Kapito was on a secret mission that would not only transform the fortunes of his employer, the investment group BlackRock, but change the face of the financial industry. Bob Diamond, the chief executive of Barclays Capital, was watching the game from his corporate box at the stadium, and Kapito needed an urgent, discreet chat with his old friend. So he scalped a ticket and made his way to the Bronx.

Barclays had taken a plunge by acquiring the US parts of Lehman Brothers when the investment bank imploded in 2008, but the deal quickly became a deadweight dragging the British bank down as well. By early 2009, Barclays was scrambling to raise money and avoid a UK government bailout. That meant it was open to selling the family silver, including its pioneering asset management arm Barclays Global Investors. It was even willing to sell it off piecemeal.
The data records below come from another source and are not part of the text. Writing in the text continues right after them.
lemma not_hless_tmax_graft:
  assumes g: "g \<in> \<Gamma>" and m: "m \<in> tmax g" and s: "s \<in> tnodes g - {troot g}"
  shows "\<not> hless m s"
  using s
proof (rule graft_nonroot_cases)
  assume "s \<in> impl g"
  then show ?thesis
    using hless_SI[OF g graft_tmax_supp[OF g m]] graft_tmax[OF g m]
      tle_tless_trans[of m "troot g" m] tless_irrefl by blast
next
  assume s_max: "s \<in> tmax g"
  show ?thesis
  proof
    assume "hless m s"
    then have "tless T m s"
      using hless_SS[OF graft_tmax_supp[OF g m] graft_tmax_supp[OF g s_max]] by blast
    then show False using graft_tmax_eq[OF g m s_max] tless_imp_tle tless_irrefl by metis
  qed
qed

lemma hless_between_graft:
  assumes g: "g \<in> \<Gamma>" and x: "x \<in> tnodes g - tmax g" and s: "s \<in> tnodes g - {troot g}"
    and xw: "hless x w" and ws: "hless w s"
  shows "w \<in> impl g"
proof (rule ccontr)
  assume "w \<notin> impl g"
  then obtain m where m: "m \<in> tmax g" "tle Hy m w" using hless_leaving_graft[OF g x xw] by blast
  then have "hless m s" using ws hless_trans unfolding tle_def by blast
  then show False using not_hless_tmax_graft[OF g m(1) s] by blast
qed

lemma sons_hybr_subset_sons_graft:
  assumes g: "g \<in> \<Gamma>" and x: "x \<in> tnodes g - tmax g"
  shows "sons Hy x \<subseteq> sons g x"
proof
  fix s assume s: "s \<in> sons Hy x"
  then have xs: "hless x s" and gap: "\<And>w. hless x w \<Longrightarrow> \<not> hless w s"
    unfolding sons_def by blast+
  have s_nonroot: "s \<in> tnodes g - {troot g}"
  proof (cases "s \<in> impl g")
    case False
    then obtain m where "m \<in> tmax g" "hless x m" "tle Hy m s"
      using hless_leaving_graft[OF g x xs] by blast
    then show ?thesis using gap graft_tmax_nonroot[OF g] unfolding tle_def by blast
  qed (use implD in blast)
  have "tless g x s" using hless_within_graft[OF g x s_nonroot] xs by blast
  moreover have "\<not> tless g w s" if xw: "tless g x w" for w
  proof
    assume ws: "tless g w s"
    have "hless x w" using hless_within_graft[OF g x graft_above_nonroot[OF g xw]] xw by blast
    moreover have "hless w s"
      using hless_within_graft[OF g graft_below_inner[OF g ws] s_nonroot] ws by blast
    ultimately show False using gap by blast
  qed
  ultimately show "s \<in> sons g x" unfolding sons_def using s_nonroot by blast
qed

lemma sons_graft_subset_sons_hybr:
  assumes g: "g \<in> \<Gamma>" and x: "x \<in> tnodes g - tmax g"
  shows "sons g x \<subseteq> sons Hy x"
proof
  fix s assume s: "s \<in> sons g x"
  then have xs: "tless g x s" and gap: "\<And>w. tless g x w \<Longrightarrow> \<not> tless g w s"
    unfolding sons_def by blast+
  have s_nonroot: "s \<in> tnodes g - {troot g}" by (rule graft_above_nonroot[OF g xs])
  have "hless x s" using hless_within_graft[OF g x s_nonroot] xs by blast
  moreover have "\<not> hless w s" if xw: "hless x w" for w
  proof
    assume ws: "hless w s"
    have "w \<in> impl g" by (rule hless_between_graft[OF g x s_nonroot xw ws])
    then have "tless g x w" "tless g w s"
      using hless_within_graft[OF g x] hless_within_graft[OF g _ s_nonroot] implD xw ws by blast+
    then show False using gap by blast
  qed
  ultimately show "s \<in> sons Hy x" unfolding sons_def using hless_nodes by blast
qed

lemma sons_hybr_graft: "g \<in> \<Gamma> \<Longrightarrow> x \<in> tnodes g - tmax g \<Longrightarrow> sons Hy x = sons g x"
  using sons_hybr_subset_sons_graft sons_graft_subset_sons_hybr by blast

lemma sons_supp_in_supp:
  assumes x: "x \<in> S" and nr: "x \<notin> troot ` \<Gamma>" and s: "s \<in> sons T x"
  shows "s \<in> S"
  unfolding supp_iff
proof (intro conjI ballI impI)
  have xs: "tless T x s" and gap: "\<And>z. tless T x z \<Longrightarrow> \<not> tless T z s" and sT: "s \<in> tnodes T"
    using s unfolding sons_def by blast+
  show "s \<in> tnodes T" by (rule sT)
  fix E assume E: "E \<in> \<Gamma>" and Es: "tless T (troot E) s"
  from tless_linear_below[OF xs Es] show "s \<in> dcl T (tmax E)"
  proof (elim disjE)
    assume "x = troot E" then show ?thesis using nr E by blast
  next
    assume "tless T x (troot E)" then show ?thesis using gap Es by blast
  next
    assume Ex: "tless T (troot E) x"
    have xd: "x \<in> dcl T (tmax E)" by (rule supp_above_root_dcl[OF x E Ex])
    show ?thesis using rootin_upward[OF E xd tless_imp_tle[OF xs]] by blast
  qed
qed

lemma hless_supp_to_impl:
  assumes x: "x \<in> S" and nr: "x \<notin> troot ` \<Gamma>" and E: "E \<in> \<Gamma>" and w: "w \<in> impl E"
    and xw: "hless x w"
  shows "tless T x (troot E)"
  using hless_SI[OF E x w] xw nr E tle_cases by blast

lemma sons_subset_sons_hybr:
  assumes x: "x \<in> S" and nr: "x \<notin> troot ` \<Gamma>"
  shows "sons T x \<subseteq> sons Hy x"
proof
  fix s assume s: "s \<in> sons T x"
  have xs: "tless T x s" and gap: "\<And>z. tless T x z \<Longrightarrow> \<not> tless T z s"
    using s unfolding sons_def by blast+
  have sS: "s \<in> S" by (rule sons_supp_in_supp[OF x nr s])
  have "\<not> (hless x w \<and> hless w s)" for w
  proof
    assume w: "hless x w \<and> hless w s"
    have "w \<in> tnodes Hy" using hless_nodes w by blast
    then show False
    proof (rule hybr_node_cases)
      assume wS: "w \<in> S"
      have "tless T x w" "tless T w s" using hless_SS[OF x wS] hless_SS[OF wS sS] w by blast+
      then show False using gap by blast
    next
      fix E assume E: "E \<in> \<Gamma>" and wE: "w \<in> impl E"
      have "tless T x (troot E)" using hless_supp_to_impl[OF x nr E wE] w by blast
      moreover have "tless T (troot E) s"
        using hless_IS[OF E wE sS] w dcl_tmax_above_root[OF E] by blast
      ultimately show False using gap by blast
    qed
  qed
  then show "s \<in> sons Hy x" unfolding sons_def using hless_SS[OF x sS] xs hless_nodes by blast
qed

lemma hless_interpolate_tless:
  assumes x: "x \<in> S" and nr: "x \<notin> troot ` \<Gamma>" and s: "s \<in> S"
    and xw: "tless T x w" and ws: "tless T w s"
  shows "\<exists>z. hless x z \<and> hless z s"
proof (cases "w \<in> S")
  case True
  then show ?thesis using hless_SS[OF x True] hless_SS[OF True s] xw ws by blast
next
  case False
  then obtain E where E: "E \<in> \<Gamma>" and Ew: "tless T (troot E) w" and nd: "w \<notin> dcl T (tmax E)"
    using tless_nodes[OF ws] unfolding supp_iff by blast
  from tless_linear_below[OF xw Ew] show ?thesis
  proof (elim disjE)
    assume "x = troot E" then show ?thesis using nr E by blast
  next
    assume "tless T (troot E) x"
    then have "x \<in> dcl T (tmax E)" by (rule supp_above_root_dcl[OF x E])
    then show ?thesis using rootin_upward[OF E _ tless_imp_tle[OF xw]] nd by blast
  next
    assume "tless T x (troot E)"
    then show ?thesis
      using hless_SS[OF x graft_root_supp[OF E]] hless_SS[OF graft_root_supp[OF E] s]
        tless_trans[OF Ew ws] by blast
  qed
qed

lemma sons_hybr_subset_sons:
  assumes x: "x \<in> S" and nr: "x \<notin> troot ` \<Gamma>"
  shows "sons Hy x \<subseteq> sons T x"
proof
  fix s assume s: "s \<in> sons Hy x"
  have xs: "hless x s" and gap: "\<And>z. hless x z \<Longrightarrow> \<not> hless z s" and sH: "s \<in> tnodes Hy"
    using s unfolding sons_def by blast+
  have sS: "s \<in> S"
  proof (rule hybr_node_cases[OF sH])
    fix E assume E: "E \<in> \<Gamma>" and sE: "s \<in> impl E"
    have "hless x (troot E)"
      using hless_SS[OF x graft_root_supp[OF E]] hless_supp_to_impl[OF x nr E sE xs] by blast
    moreover have "hless (troot E) s"
      using hless_SI[OF E graft_root_supp[OF E] sE] tle_refl[OF graft_root_node[OF E]] by blast
    ultimately show ?thesis using gap by blast
  qed
  have "\<not> tless T w s" if "tless T x w" for w
    using hless_interpolate_tless[OF x nr sS that] gap by blast
  then show "s \<in> sons T x" unfolding sons_def using hless_SS[OF x sS] xs tless_nodes by blast
qed

lemma sons_hybr_supp: "x \<in> S \<Longrightarrow> x \<notin> troot ` \<Gamma> \<Longrightarrow> sons Hy x = sons T x"
  using sons_subset_sons_hybr sons_hybr_subset_sons by blast

lemma supp_nonmax_in_hybr:
  assumes x: "x \<in> S" and nr: "x \<notin> troot ` \<Gamma>" and nm: "x \<notin> tmax Hy"
  shows "x \<notin> tmax T"
proof -
  have "x \<in> tnodes Hy" using hybr_nodes x by blast
  then obtain y where y: "hless x y" using nm unfolding tmax_def by blast
  have "y \<in> tnodes Hy" using hless_nodes[OF y] by blast
  then have "\<exists>z. tless T x z"
  proof (rule hybr_node_cases)
    assume "y \<in> S" then show ?thesis using hless_SS[OF x] y by blast
  next
    fix E assume "E \<in> \<Gamma>" "y \<in> impl E"
    then show ?thesis using hless_supp_to_impl[OF x nr] y by blast
  qed
  then show ?thesis unfolding tmax_def by blast
qed

lemma branch_hybr_downward_closed:
  assumes B: "is_branch Hy B" and c: "c \<in> B" and ac: "hless a c"
  shows "a \<in> B"
proof (rule is_branch_insert[OF B])
  show "a \<in> tnodes Hy" using hless_nodes[OF ac] by blast
  fix b assume b: "b \<in> B"
  from is_branch_comparable[OF B b c] show "a = b \<or> hless a b \<or> hless b a"
    using ac hless_linear_below[OF ac] hless_trans[OF ac] by blast
qed

lemma is_chain_branch_graft:
  assumes B: "is_branch Hy B" and g: "g \<in> \<Gamma>"
  shows "is_chain g (insert (troot g) (B \<inter> impl g))"
  unfolding is_chain_def
proof (intro conjI ballI)
  interpret g: tree g by (rule graft_tree[OF g])
  show "insert (troot g) (B \<inter> impl g) \<subseteq> tnodes g" using graft_root[OF g] implD by blast
  fix a b assume a: "a \<in> insert (troot g) (B \<inter> impl g)" and b: "b \<in> insert (troot g) (B \<inter> impl g)"
  have "tle g a b \<or> tle g b a" if "a \<in> B \<inter> impl g" "b \<in> B \<inter> impl g"
  proof -
    have "a = b \<or> tless g a b \<or> tless g b a"
      using is_branch_comparable[OF B] hless_II[OF g] that by blast
    then show ?thesis using that implD g.tle_refl g.tless_imp_tle by blast
  qed
  then show "tle g a b \<or> tle g b a" using a b graft_root[OF g] implD by blast
qed

text \<open>Above the root, the branch stays in the implant until it meets a maximal node; a maximal node
  above a bound of that part of the branch is comparable with all of it, hence on it.\<close>

lemma branch_graft_root_meets_tmax:
  assumes bc: "\<forall>g\<in>\<Gamma>. bounded_chains g" and B: "is_branch Hy B" and g: "g \<in> \<Gamma>"
    and r: "troot g \<in> B"
  shows "\<exists>m \<in> B. m \<in> tmax g"
proof (rule ccontr)
  assume no_max: "\<not> (\<exists>m \<in> B. m \<in> tmax g)"
  interpret g: tree g by (rule graft_tree[OF g])
  have r_inner: "troot g \<in> tnodes g - tmax g"
    using graft_root[OF g] graft_root_notin_tmax[OF g] by blast
  have above_root: "w \<in> impl g" if w: "w \<in> B" "hless (troot g) w" for w
  proof (rule ccontr)
    assume "w \<notin> impl g"
    then obtain m where "m \<in> tmax g" "tle Hy m w"
      using hless_leaving_graft[OF g r_inner w(2)] by blast
    then show False
      using no_max w(1) branch_hybr_downward_closed[OF B w(1)] unfolding tle_def by blast
  qed
  let ?C = "insert (troot g) (B \<inter> impl g)"
  obtain u where u: "\<forall>c \<in> ?C. tle g c u" "u \<in> tnodes g"
    using bc g is_chain_branch_graft[OF B g] unfolding bounded_chains_def by blast
  obtain m where m: "m \<in> tmax g" "tle g u m"
    using g.bounded_chains_tmax_above[OF _ u(2)] bc g by blast
  have m_nonroot: "m \<in> tnodes g - {troot g}" by (rule graft_tmax_nonroot[OF g m(1)])
  have below_m: "hless w m" if w: "w \<in> ?C" for w
  proof -
    have "tle g w m" using u(1) w m(2) g.tle_trans by blast
    moreover have "w \<noteq> m" using w m(1) implD graft_root_notin_tmax[OF g] by blast
    moreover have "w \<in> tnodes g - tmax g" using w r_inner implD by blast
    ultimately show ?thesis using hless_within_graft[OF g _ m_nonroot] g.tle_cases by blast
  qed
  have "m \<in> B"
  proof (rule is_branch_insert[OF B])
    show "m \<in> tnodes Hy" using hybr_nodes graft_tmax_supp[OF g m(1)] by blast
    fix w assume w: "w \<in> B"
    from is_branch_comparable[OF B w r] show "m = w \<or> hless m w \<or> hless w m"
    proof (elim disjE)
      assume "hless w (troot g)"
      then show ?thesis using below_m[of "troot g"] hless_trans by blast
    qed (use below_m above_root w in blast)+
  qed
  then show False using no_max m(1) by blast
qed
In early April, Barclays accepted a US$4.2 billion offer from CVC, a London-based private equity firm, for BGI’s rapidly growing exchange-traded fund (ETF) unit, iShares. Crucially, the agreement included a 45-day “go-shop” provision, which permitted Barclays to talk to other people who might be interested in topping CVC’s offer. This gave BlackRock an opening — but one it had to seize quickly.
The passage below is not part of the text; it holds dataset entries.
lemma mcomplete_adjoin:
  assumes "mcomplete"
  shows "Metric_space.mcomplete (insert None (Some ` M)) (adjoin_dist c d)"
proof -
  interpret Z: Metric_space "insert None (Some ` M)" "adjoin_dist c d"
    by (rule Metric_space_adjoin)
  show ?thesis
    unfolding Z.mcomplete_def
  proof (intro allI impI)
    fix \<sigma> assume \<sigma>: "Z.MCauchy \<sigma>"
    then obtain N where N: "\<And>n n'. N \<le> n \<Longrightarrow> N \<le> n' \<Longrightarrow> adjoin_dist c d (\<sigma> n) (\<sigma> n') < 1"
      unfolding Z.MCauchy_def by (meson zero_less_one)
    have same_part: "(\<sigma> n = None) = (\<sigma> N = None)" if "n \<ge> N" for n
    proof (rule ccontr)
      assume parts: "(\<sigma> n = None) \<noteq> (\<sigma> N = None)"
      have "adjoin_dist c d (\<sigma> n) (\<sigma> N) \<ge> 1"
        unfolding adjoin_dist_def if_not_P[OF parts] by simp
      then show False
        using N[OF that order_refl] by simp
    qed
    show "\<exists>x. limitin Z.mtopology \<sigma> x sequentially"
    proof (cases "\<sigma> N")
      case None
      then have "\<forall>n\<ge>N. \<sigma> n = None"
        using same_part by blast
      then have "limitin Z.mtopology \<sigma> None sequentially"
        using c unfolding Z.limit_metric_sequentially by (auto simp: adjoin_dist_def)
      then show ?thesis ..
    next
      case (Some a)
      define \<tau> where "\<tau> n = case_option c id (\<sigma> n)" for n
      have \<sigma>Z: "\<sigma> n \<in> insert None (Some ` M)" for n
        using \<sigma> Z.MCauchy_def by blast
      have \<tau>: "\<tau> n \<in> M" for n
        using c \<sigma>Z[of n] by (auto simp: \<tau>_def)
      have le: "d (\<tau> n) (\<tau> n') \<le> adjoin_dist c d (\<sigma> n) (\<sigma> n')" for n n'
        by (simp add: adjoin_dist_def \<tau>_def)
      have "MCauchy \<tau>"
        unfolding MCauchy_def
      proof (intro conjI allI impI)
        fix \<epsilon> :: real assume "\<epsilon> > 0"
        then obtain N' where "\<forall>n n'. N' \<le> n \<longrightarrow> N' \<le> n' \<longrightarrow> adjoin_dist c d (\<sigma> n) (\<sigma> n') < \<epsilon>"
          using \<sigma> unfolding Z.MCauchy_def by blast
        then show "\<exists>N. \<forall>n n'. N \<le> n \<longrightarrow> N \<le> n' \<longrightarrow> d (\<tau> n) (\<tau> n') < \<epsilon>"
          using le by (meson le_less_trans)
      qed (use \<tau> in blast)
      then obtain z where "limitin mtopology \<tau> z sequentially"
        using assms unfolding mcomplete_def by blast
      then have z: "z \<in> M" and lim: "\<forall>\<epsilon>>0. \<exists>N'. \<forall>n\<ge>N'. d (\<tau> n) z < \<epsilon>"
        unfolding limit_metric_sequentially by meson+
      have eq: "adjoin_dist c d (\<sigma> n) (Some z) = d (\<tau> n) z" if "n \<ge> N" for n
        using same_part[OF that] Some by (auto simp: \<tau>_def)
      have "\<exists>N'. \<forall>n\<ge>N'. \<sigma> n \<in> insert None (Some ` M) \<and> adjoin_dist c d (\<sigma> n) (Some z) < \<epsilon>"
        if "\<epsilon> > 0" for \<epsilon>
      proof -
        obtain N' where "\<forall>n\<ge>N'. d (\<tau> n) z < \<epsilon>"
          using lim \<open>\<epsilon> > 0\<close> by blast
        then show ?thesis
          using eq \<sigma>Z by (intro exI[of _ "max N N'"]) auto
      qed
      then have "limitin Z.mtopology \<sigma> (Some z) sequentially"
        using z unfolding Z.limit_metric_sequentially by blast
      then show ?thesis ..
    qed
  qed
qed
lemma UN_pad: "(\<Union>i. pad xs i) = \<Union>(set xs)"
proof
  show "(\<Union>i. pad xs i) \<subseteq> \<Union>(set xs)" using pad_range[of xs] by blast
  show "\<Union>(set xs) \<subseteq> (\<Union>i. pad xs i)"
  proof
    fix x assume "x \<in> \<Union>(set xs)"
    then obtain i where "i < length xs" "x \<in> xs ! i" by (auto simp: in_set_conv_nth)
    then show "x \<in> (\<Union>i. pad xs i)" by (auto simp: pad_def)
  qed
qed

lemma disjoint_family_pad:
  assumes "distinct xs" "disjoint (set xs)"
  shows "disjoint_family (pad xs)"
  unfolding disjoint_family_on_def
proof (intro ballI impI)
  fix i j :: nat assume "i \<noteq> j"
  show "pad xs i \<inter> pad xs j = {}"
  proof (cases "i < length xs \<and> j < length xs")
    case True
    then have "xs ! i \<noteq> xs ! j" using \<open>i \<noteq> j\<close> assms(1) by (simp add: nth_eq_iff_index_eq)
    moreover have "xs ! i \<in> set xs" "xs ! j \<in> set xs" using True by simp_all
    ultimately show ?thesis using True disjointD[OF assms(2)] by (simp add: pad_def)
  qed (auto simp: pad_def)
qed

lemma suminf_pad:
  fixes f :: "'a set \<Rightarrow> ennreal"
  assumes "f {} = 0" "distinct xs"
  shows "(\<Sum>i. f (pad xs i)) = (\<Sum>c\<in>set xs. f c)"
proof -
  have "(\<Sum>i. f (pad xs i)) = (\<Sum>i<length xs. f (xs ! i))"
    using assms(1) by (subst suminf_finite[of "{..<length xs}"]) (auto simp: pad_def)
  also have "\<dots> = (\<Sum>c\<in>set xs. f c)"
    by (rule sum.reindex_bij_betw[OF bij_betw_nth[OF assms(2) refl refl]])
  finally show ?thesis .
qed

lemma countably_additive_imp_volume:
  assumes "{} \<in> M" "positive M f" "countably_additive M f"
  shows "volume M f"
proof (rule volumeI)
  show f0: "f {} = 0" using assms(2) by (simp add: positive_def)
  fix C assume C: "C \<subseteq> M" "disjoint C" "finite C" "\<Union>C \<in> M"
  obtain xs where xs: "set xs = C" "distinct xs" using finite_distinct_list[OF C(3)] by blast
  have "insert {} (set xs) \<subseteq> M" using xs(1) C(1) assms(1) by simp
  then have range: "range (pad xs) \<subseteq> M" using pad_range[of xs] by (rule subset_trans[rotated])
  have disj: "disjoint_family (pad xs)" using disjoint_family_pad[of xs] xs C(2) by simp
  have U: "(\<Union>i. pad xs i) = \<Union>C" using UN_pad[of xs] xs(1) by simp
  have "f (\<Union>C) = (\<Sum>i. f (pad xs i))"
    using assms(3) range disj C(4) unfolding countably_additive_def U[symmetric] by metis
  also have "\<dots> = (\<Sum>c\<in>C. f c)" using suminf_pad[of f xs] xs f0 by simp
  finally show "f (\<Union>C) = (\<Sum>c\<in>C. f c)" .
qed simp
The Yankees lost to Cleveland that night, but Kapito missed the entire game. He rushed up to Barclays’ corporate box, knocked on the door and asked Diamond to come out for a chat. Diamond agreed, and the two went for a walk. “Do you want to play checkers, or do you want to play chess?” BlackRock’s president asked Diamond, and presented his proposal.

Instead of selling iShares to CVC, Barclays should sell all of BGI to BlackRock, said Kapito, in return for a big slug of money and stock in the combined company. That way, Barclays would get the capital it needed to avoid a bailout and still enjoy an interest in its money management arm through a substantial block of ownership in BlackRock, which would be transformed into a giant of the investing world.
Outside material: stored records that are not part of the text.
(* Lifting a product formula from points to product sets, one coordinate at a time:
   the coordinates in J are constrained to sets B j, the others to single points e j.
   Induction on J; the new coordinate is eliminated by decomposing B j into points. *)
lemma measure_product_fibre_mixed:
  fixes X H :: "'i \<Rightarrow> 'w \<Rightarrow> 'e::countable"
  assumes fm: "finite_measure M" and E: "E \<in> sets M" and I: "finite I"
    and X: "\<And>j. j \<in> I \<Longrightarrow> X j \<in> measurable M (count_space UNIV)"
    and H: "\<And>j. j \<in> I \<Longrightarrow> H j \<in> measurable M (count_space UNIV)"
    and c: "c \<ge> 0"
    and points: "\<And>e. measure M (E \<inter> {w \<in> space M. \<forall>j\<in>I. X j w = e j})
                      = c * (\<Prod>j\<in>I. measure M {w \<in> space M. H j w = e j})"
    and J: "J \<subseteq> I"
  shows "measure M (E \<inter> {w \<in> space M. \<forall>j\<in>I. X j w \<in> (if j \<in> J then B j else {e j})})
         = c * (\<Prod>j\<in>I. measure M {w \<in> space M. H j w \<in> (if j \<in> J then B j else {e j})})"
  using finite_subset[OF J I] J
proof (induction J arbitrary: e rule: finite_induct)
  case empty
  then show ?case using points[of e] by simp
next
  case (insert j J)
  let ?C = "\<lambda>J e k. if k \<in> J then B k else {e k}"
  define fibre where "fibre x = E \<inter> {w \<in> space M. \<forall>k\<in>I. X k w \<in> ?C J (e(j := x)) k}" for x
  define rest where "rest = (\<Prod>k\<in>I - {j}. measure M {w \<in> space M. H k w \<in> ?C (insert j J) e k})"
  have j: "j \<in> I" "j \<notin> J" using insert by auto
  have rest_nonneg: "c * rest \<ge> 0" unfolding rest_def using c by (simp add: prod_nonneg)
  have fibre_sets: "fibre x \<in> sets M" for x
    unfolding fibre_def using E X I by (auto intro!: sets.sets_Collect_finite_All sets_Collect_count_space)
  have fibre_measure: "measure M (fibre x) = c * rest * measure M {w \<in> space M. H j w = x}" for x
  proof -
    have "measure M (fibre x) = c * (\<Prod>k\<in>I. measure M {w \<in> space M. H k w \<in> ?C J (e(j := x)) k})"
      unfolding fibre_def using insert by blast
    also have "(\<Prod>k\<in>I. measure M {w \<in> space M. H k w \<in> ?C J (e(j := x)) k})
        = measure M {w \<in> space M. H j w = x} * rest"
    proof -
      have "(\<Prod>k\<in>I - {j}. measure M {w \<in> space M. H k w \<in> ?C J (e(j := x)) k}) = rest"
        unfolding rest_def by (rule prod.cong) auto
      then show ?thesis using I j by (simp add: prod.remove)
    qed
    finally show ?thesis by (simp add: mult_ac)
  qed
  have "measure M (\<Union>x\<in>B j. fibre x) = c * rest * measure M (\<Union>x\<in>B j. {w \<in> space M. H j w = x})"
    by (rule measure_UN_scaled[OF fm])
       (use j fibre_sets H rest_nonneg fibre_measure in
        \<open>auto simp: disjoint_family_on_def fibre_def intro: sets_Collect_count_space\<close>)
  moreover have "(\<Union>x\<in>B j. fibre x) = E \<inter> {w \<in> space M. \<forall>k\<in>I. X k w \<in> ?C (insert j J) e k}"
    using j unfolding fibre_def by (auto; metis)
  moreover have "(\<Union>x\<in>B j. {w \<in> space M. H j w = x}) = {w \<in> space M. H j w \<in> ?C (insert j J) e j}"
    by auto
  moreover have "(\<Prod>k\<in>I. measure M {w \<in> space M. H k w \<in> ?C (insert j J) e k})
      = measure M {w \<in> space M. H j w \<in> ?C (insert j J) e j} * rest"
    unfolding rest_def using I j by (simp only: prod.remove)
  ultimately show ?case by (simp add: mult_ac)
qed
“That’s a very intriguing idea,” Diamond replied. In fact, he had already received board approval to explore the sale of the entire business, and thought BlackRock was a natural buyer. He agreed to bring his boss John Varley to visit Kapito and BlackRock’s chief executive, Larry Fink, the next day. Two months later, the deal — worth US$13.5 billion at the time — was sealed and announced to the world.

Despite some early strife, it has proved phenomenally successful. BlackRock has become the largest asset manager on the planet, investing money for everyone from pensioners to wealthy oligarchs and sovereign wealth funds. Today, it is one of the biggest shareholders in virtually every major company in America — and quite a few internationally as well. It is also one of the biggest lenders to companies and governments around the world. And its technology platform Aladdin provides essential wiring for swaths of the global investment industry.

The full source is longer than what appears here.